* Problem details
Each line of the data below that holds the word "lemma" is to be reported in full.

* Source material
=-=-=
(* Let $n\ge1$ and $1\le k\le d$ be integers, $p=k/d$, and $\mathbf{e}_1,\dots,\mathbf{e}_n\in\mathbb{R}^d$. Let $F_i(\mathbf{w})=\frac12\|\mathbf{w}-\mathbf{e}_i\|_2^2$, $F(\mathbf{w})=\frac1n\sum_{i=1}^nF_i(\mathbf{w})$, and $\mathbf{w}^*=\frac1n\sum_{i=1}^n\mathbf{e}_i$ its minimizer. Consider the following algorithm with step size $\eta>0$: start from arbitrary $\mathbf{w}^{(0)}\in\mathbb{R}^d$ and $\mathbf{b}_i^{(0)}=\mathbf{0}$ for all $i$. At round $t=0,1,2,\dots$: each node $i$ computes $\mathbf{x}_i^{(t)}=\nabla F_i(\mathbf{w}^{(t)})=\mathbf{w}^{(t)}-\mathbf{e}_i$ and independently (across nodes and rounds) chooses a uniformly random subset $S_i^{(t)}\subseteq\{1,\dots,d\}$ of size $k$, sending $x_{ij}^{(t)}$ for $j\in S_i^{(t)}$; the server forms $\mathbf{h}_i'^{(t)}$ with $h'^{(t)}_{ij}=b^{(t)}_{ij}$ if $j\notin S_i^{(t)}$ and $h'^{(t)}_{ij}=b^{(t)}_{ij}+\frac dk(x^{(t)}_{ij}-b^{(t)}_{ij})$ if $j\in S_i^{(t)}$, sets $\hat{\mathbf{x}}^{(t)}=\frac1n\sum_i\mathbf{h}_i'^{(t)}$ and $\mathbf{w}^{(t+1)}=\mathbf{w}^{(t)}-\eta\hat{\mathbf{x}}^{(t)}$, and updates $b^{(t+1)}_{ij}=x^{(t)}_{ij}$ if $j\in S_i^{(t)}$ and $b^{(t+1)}_{ij}=b^{(t)}_{ij}$ otherwise. If $$\eta\le\min\Big\{\frac{1}{1+\frac8n\big(\frac dk-1\big)},\ \frac p2\Big\},$$ then for all $t\ge0$, $$\mathbb{E}\big[\|\mathbf{w}^{(t+1)}-\mathbf{w}^*\|_2^2\big]\le(1-\eta)^{t+1}\Big[\|\mathbf{w}^{(0)}-\mathbf{w}^*\|_2^2+\frac1n\sum_{i=1}^n\|\nabla F_i(\mathbf{w}^* )\|_2^2\Big],$$ where the expectation is over all the random subsets.
   Context: Gradient descent on a heterogeneous quadratic objective with gradients aggregated by the Rand-$k$-Temporal estimator, where the server's stored vectors $\mathbf{b}_i$ are the most recently received values of each coordinate. *)

theory Defs
  imports "HOL-Probability.Probability"
begin

text \<open>Vectors in R^d are rendered as real^'d with d = CARD('d); coordinates are
indexed by the finite type 'd. Nodes are indexed by i < n.\<close>

definition Floc :: "(nat \<Rightarrow> real^'d) \<Rightarrow> nat \<Rightarrow> real^'d \<Rightarrow> real" where
  "Floc e i w = (1/2) * (norm (w - e i))\<^sup>2"

definition Fglob :: "nat \<Rightarrow> (nat \<Rightarrow> real^'d) \<Rightarrow> real^'d \<Rightarrow> real" where
  "Fglob n e w = (1 / real n) * (\<Sum>i<n. Floc e i w)"

definition gradF :: "(nat \<Rightarrow> real^'d) \<Rightarrow> nat \<Rightarrow> real^'d \<Rightarrow> real^'d" where
  "gradF e i w = w - e i"

definition wstar :: "nat \<Rightarrow> (nat \<Rightarrow> real^'d) \<Rightarrow> real^'d" where
  "wstar n e = (1 / real n) *\<^sub>R (\<Sum>i<n. e i)"

text \<open>The server iteration. S (t,i) is the subset chosen by node i in round t.
Returns (w^(t), (b_i^(t))_i).\<close>
fun traj :: "nat \<Rightarrow> nat \<Rightarrow> (nat \<Rightarrow> real^'d) \<Rightarrow> real \<Rightarrow> real^'d
             \<Rightarrow> (nat \<times> nat \<Rightarrow> 'd set) \<Rightarrow> nat \<Rightarrow> (real^'d) \<times> (nat \<Rightarrow> real^'d)" where
  "traj n k e \<eta> w0 S 0 = (w0, (\<lambda>i. 0))"
| "traj n k e \<eta> w0 S (Suc t) =
     (let w = fst (traj n k e \<eta> w0 S t);
          b = snd (traj n k e \<eta> w0 S t);
          x = (\<lambda>i. gradF e i w);
          h = (\<lambda>i. \<chi> j. if j \<in> S (t, i)
                          then b i $ j + (real CARD('d) / real k) * (x i $ j - b i $ j)
                          else b i $ j);
          xhat = (1 / real n) *\<^sub>R (\<Sum>i<n. h i)
      in (w - \<eta> *\<^sub>R xhat, (\<lambda>i. \<chi> j. if j \<in> S (t, i) then x i $ j else b i $ j)))"

definition ksubsets :: "nat \<Rightarrow> 'd set set" where
  "ksubsets k = {A. card A = k}"

text \<open>Sample space of all choices for rounds 0..t and nodes 0..n-1;
the uniform distribution on it = independent uniform k-subsets.\<close>
definition Omega :: "nat \<Rightarrow> nat \<Rightarrow> nat \<Rightarrow> (nat \<times> nat \<Rightarrow> 'd::finite set) set" where
  "Omega n k t = ({..t} \<times> {..<n}) \<rightarrow>\<^sub>E ksubsets k"

end

theory Submission
  imports Defs
begin

text \<open>With \<open>r = d/k\<close> and \<open>p = k/d\<close>, the proof is a Lyapunov argument for
\<open>\<Phi>(w, b) = \<parallel>w - w\<^sup>*\<parallel>\<^sup>2 + (c/n) \<Sum>\<^sub>i \<parallel>b\<^sub>i - \<nabla>F\<^sub>i(w\<^sup>*)\<parallel>\<^sup>2\<close> with
\<open>c = 4\<eta>\<^sup>2(r - 1)/(n p)\<close>: one round contracts \<open>\<Phi>\<close> in expectation by the factor \<open>1 - \<eta>\<close>.

The computation splits over coordinates \<open>j\<close>.  Let \<open>\<xi>\<^sub>i\<close> indicate \<open>j \<in> S\<^sub>i\<close>, let
\<open>u = w\<^sub>j - w\<^sup>*\<^sub>j\<close> and \<open>D\<^sub>i = b\<^sub>i\<^sub>j - \<nabla>F\<^sub>i(w\<^sup>*)\<^sub>j\<close>.  Since \<open>w\<^sup>*\<close> is the mean of the \<open>e\<^sub>i\<close>,
the new error is \<open>(1 - \<eta>) u + \<Sum>\<^sub>i (\<eta>/n)(u - D\<^sub>i)(1 - r \<xi>\<^sub>i)\<close>, and the variables
\<open>1 - r \<xi>\<^sub>i\<close> are centred and, the nodes sampling independently, pairwise uncorrelated with
variance \<open>r - 1\<close>.  The stored coordinate becomes \<open>u\<close> with probability \<open>p\<close> and stays
\<open>D\<^sub>i\<close> otherwise.  After \<open>(u - D\<^sub>i)\<^sup>2 \<le> 2u\<^sup>2 + 2D\<^sub>i\<^sup>2\<close>, the two step-size conditions are what
make the coefficients of \<open>u\<^sup>2\<close> and of \<open>\<Sum>\<^sub>i D\<^sub>i\<^sup>2\<close> at most \<open>(1 - \<eta>)\<close> times those in \<open>\<Phi>\<close>.

Conditioning on the earlier rounds iterates the contraction.  Finally \<open>\<Phi>\<close> dominates
\<open>\<parallel>w - w\<^sup>*\<parallel>\<^sup>2\<close>, and since the memory starts at \<open>b = 0\<close> and \<open>c \<le> 1\<close>, the initial \<open>\<Phi>\<close> is
bounded by the bracket in the claim.\<close>

section \<open>Moments under independent sampling\<close>

lemma expectation_square_orthogonal_sum:
  fixes M :: "'a pmf" and z :: "nat \<Rightarrow> 'a \<Rightarrow> real"
  assumes fin: "finite (set_pmf M)"
    and mean: "\<And>i. i < n \<Longrightarrow> measure_pmf.expectation M (z i) = 0"
    and cov: "\<And>i i'. i < n \<Longrightarrow> i' < n \<Longrightarrow>
      measure_pmf.expectation M (\<lambda>x. z i x * z i' x) = (if i = i' then q else 0)"
  shows "measure_pmf.expectation M (\<lambda>x. (a + (\<Sum>i<n. \<beta> i * z i x))\<^sup>2)
    = a\<^sup>2 + q * (\<Sum>i<n. (\<beta> i)\<^sup>2)"
proof -
  have int: "integrable M f" for f :: "'a \<Rightarrow> real"
    using fin by (rule integrable_measure_pmf_finite)
  have expand: "(a + (\<Sum>i<n. \<beta> i * z i x))\<^sup>2 = a\<^sup>2 + (\<Sum>i<n. (2 * a * \<beta> i) * z i x)
      + (\<Sum>i<n. \<Sum>i'<n. (\<beta> i * \<beta> i') * (z i x * z i' x))" for x
    by (simp add: power2_eq_square algebra_simps sum_product sum_distrib_left)
  have "measure_pmf.expectation M (\<lambda>x. (a + (\<Sum>i<n. \<beta> i * z i x))\<^sup>2)
      = a\<^sup>2 + (\<Sum>i<n. (2 * a * \<beta> i) * measure_pmf.expectation M (z i))
        + (\<Sum>i<n. \<Sum>i'<n. (\<beta> i * \<beta> i') * measure_pmf.expectation M (\<lambda>x. z i x * z i' x))"
    unfolding expand by (simp add: int Bochner_Integration.integral_sum)
  also have "\<dots> = a\<^sup>2 + (\<Sum>i<n. \<Sum>i'<n. (\<beta> i * \<beta> i') * (if i = i' then q else 0))"
    by (simp add: mean cov)
  also have "\<dots> = a\<^sup>2 + q * (\<Sum>i<n. (\<beta> i)\<^sup>2)"
    by (simp add: sum_distrib_left power2_eq_square if_distrib mult_ac cong: if_cong)
  finally show ?thesis .
qed

lemma rescaled_inclusion_moments:
  fixes M :: "'a pmf" and \<xi> :: "nat \<Rightarrow> 'a \<Rightarrow> real"
  assumes fin: "finite (set_pmf M)"
    and zero_one: "\<And>i x. \<xi> i x \<in> {0, 1}"
    and mean: "\<And>i. i < n \<Longrightarrow> measure_pmf.expectation M (\<xi> i) = p"
    and pair: "\<And>i i'. i < n \<Longrightarrow> i' < n \<Longrightarrow> i \<noteq> i' \<Longrightarrow>
      measure_pmf.expectation M (\<lambda>x. \<xi> i x * \<xi> i' x) = p\<^sup>2"
    and pr: "p * r = 1"
  shows "i < n \<Longrightarrow> measure_pmf.expectation M (\<lambda>x. 1 - r * \<xi> i x) = 0"
    and "i < n \<Longrightarrow> i' < n \<Longrightarrow>
      measure_pmf.expectation M (\<lambda>x. (1 - r * \<xi> i x) * (1 - r * \<xi> i' x))
        = (if i = i' then r - 1 else 0)"
proof -
  have int: "integrable M f" for f :: "'a \<Rightarrow> real"
    using fin by (rule integrable_measure_pmf_finite)
  show "measure_pmf.expectation M (\<lambda>x. 1 - r * \<xi> i x) = 0" if "i < n"
    using mean[OF that] pr by (simp add: int mult.commute)
  show "measure_pmf.expectation M (\<lambda>x. (1 - r * \<xi> i x) * (1 - r * \<xi> i' x))
      = (if i = i' then r - 1 else 0)" if i: "i < n" and i': "i' < n"
  proof (cases "i = i'")
    case True
    have eq: "(\<lambda>x. (1 - r * \<xi> i x) * (1 - r * \<xi> i x)) = (\<lambda>x. 1 + (r * r - 2 * r) * \<xi> i x)"
      using zero_one[of i] by (auto simp: fun_eq_iff algebra_simps)
    have "1 + (r * r - 2 * r) * p = 1 + r * (p * r) - 2 * (p * r)"
      by (simp add: algebra_simps)
    also have "\<dots> = r - 1"
      using pr by simp
    finally have "measure_pmf.expectation M (\<lambda>x. (1 - r * \<xi> i x) * (1 - r * \<xi> i x)) = r - 1"
      using mean[OF i] by (simp add: eq int)
    with True show ?thesis
      by simp
  next
    case False
    have "(1 - r * \<xi> i x) * (1 - r * \<xi> i' x)
        = 1 - r * \<xi> i x - r * \<xi> i' x + (r * r) * (\<xi> i x * \<xi> i' x)" for x
      by (simp add: algebra_simps)
    then show ?thesis
      using False mean[OF i] mean[OF i'] pair[OF i i' False] pr
      by (simp add: int power2_eq_square algebra_simps)
  qed
qed

lemma expectation_coordinate_step:
  fixes M :: "'a pmf" and \<xi> :: "nat \<Rightarrow> 'a \<Rightarrow> real"
  assumes fin: "finite (set_pmf M)"
    and zero_one: "\<And>i x. \<xi> i x \<in> {0, 1}"
    and mean: "\<And>i. i < n \<Longrightarrow> measure_pmf.expectation M (\<xi> i) = p"
    and pair: "\<And>i i'. i < n \<Longrightarrow> i' < n \<Longrightarrow> i \<noteq> i' \<Longrightarrow>
      measure_pmf.expectation M (\<lambda>x. \<xi> i x * \<xi> i' x) = p\<^sup>2"
    and pr: "p * r = 1"
  shows "measure_pmf.expectation M (\<lambda>x.
      (a + (\<Sum>i<n. \<beta> i * (1 - r * \<xi> i x)))\<^sup>2
      + c * (\<Sum>i<n. (\<xi> i x * u + (1 - \<xi> i x) * D i)\<^sup>2))
    = a\<^sup>2 + (r - 1) * (\<Sum>i<n. (\<beta> i)\<^sup>2) + c * (\<Sum>i<n. p * u\<^sup>2 + (1 - p) * (D i)\<^sup>2)"
proof -
  have int: "integrable M f" for f :: "'a \<Rightarrow> real"
    using fin by (rule integrable_measure_pmf_finite)
  have new_iterate: "measure_pmf.expectation M (\<lambda>x. (a + (\<Sum>i<n. \<beta> i * (1 - r * \<xi> i x)))\<^sup>2)
      = a\<^sup>2 + (r - 1) * (\<Sum>i<n. (\<beta> i)\<^sup>2)"
    using rescaled_inclusion_moments[of M \<xi> n p r, OF fin zero_one mean pair pr]
    by (intro expectation_square_orthogonal_sum[OF fin]) simp_all
  have refresh: "(\<xi> i x * u + (1 - \<xi> i x) * D i)\<^sup>2 = (D i)\<^sup>2 + (u\<^sup>2 - (D i)\<^sup>2) * \<xi> i x" for i x
    using zero_one[of i x] by (auto simp: power2_eq_square)
  have new_memory: "measure_pmf.expectation M (\<lambda>x. \<Sum>i<n. (\<xi> i x * u + (1 - \<xi> i x) * D i)\<^sup>2)
      = (\<Sum>i<n. p * u\<^sup>2 + (1 - p) * (D i)\<^sup>2)"
    unfolding refresh
    by (simp add: int Bochner_Integration.integral_sum mean algebra_simps)
  show ?thesis
    by (simp add: int new_iterate new_memory)
qed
=-=-=
* Written answer
lemma expectation_square_orthogonal_sum:
lemma rescaled_inclusion_moments:
lemma expectation_coordinate_step:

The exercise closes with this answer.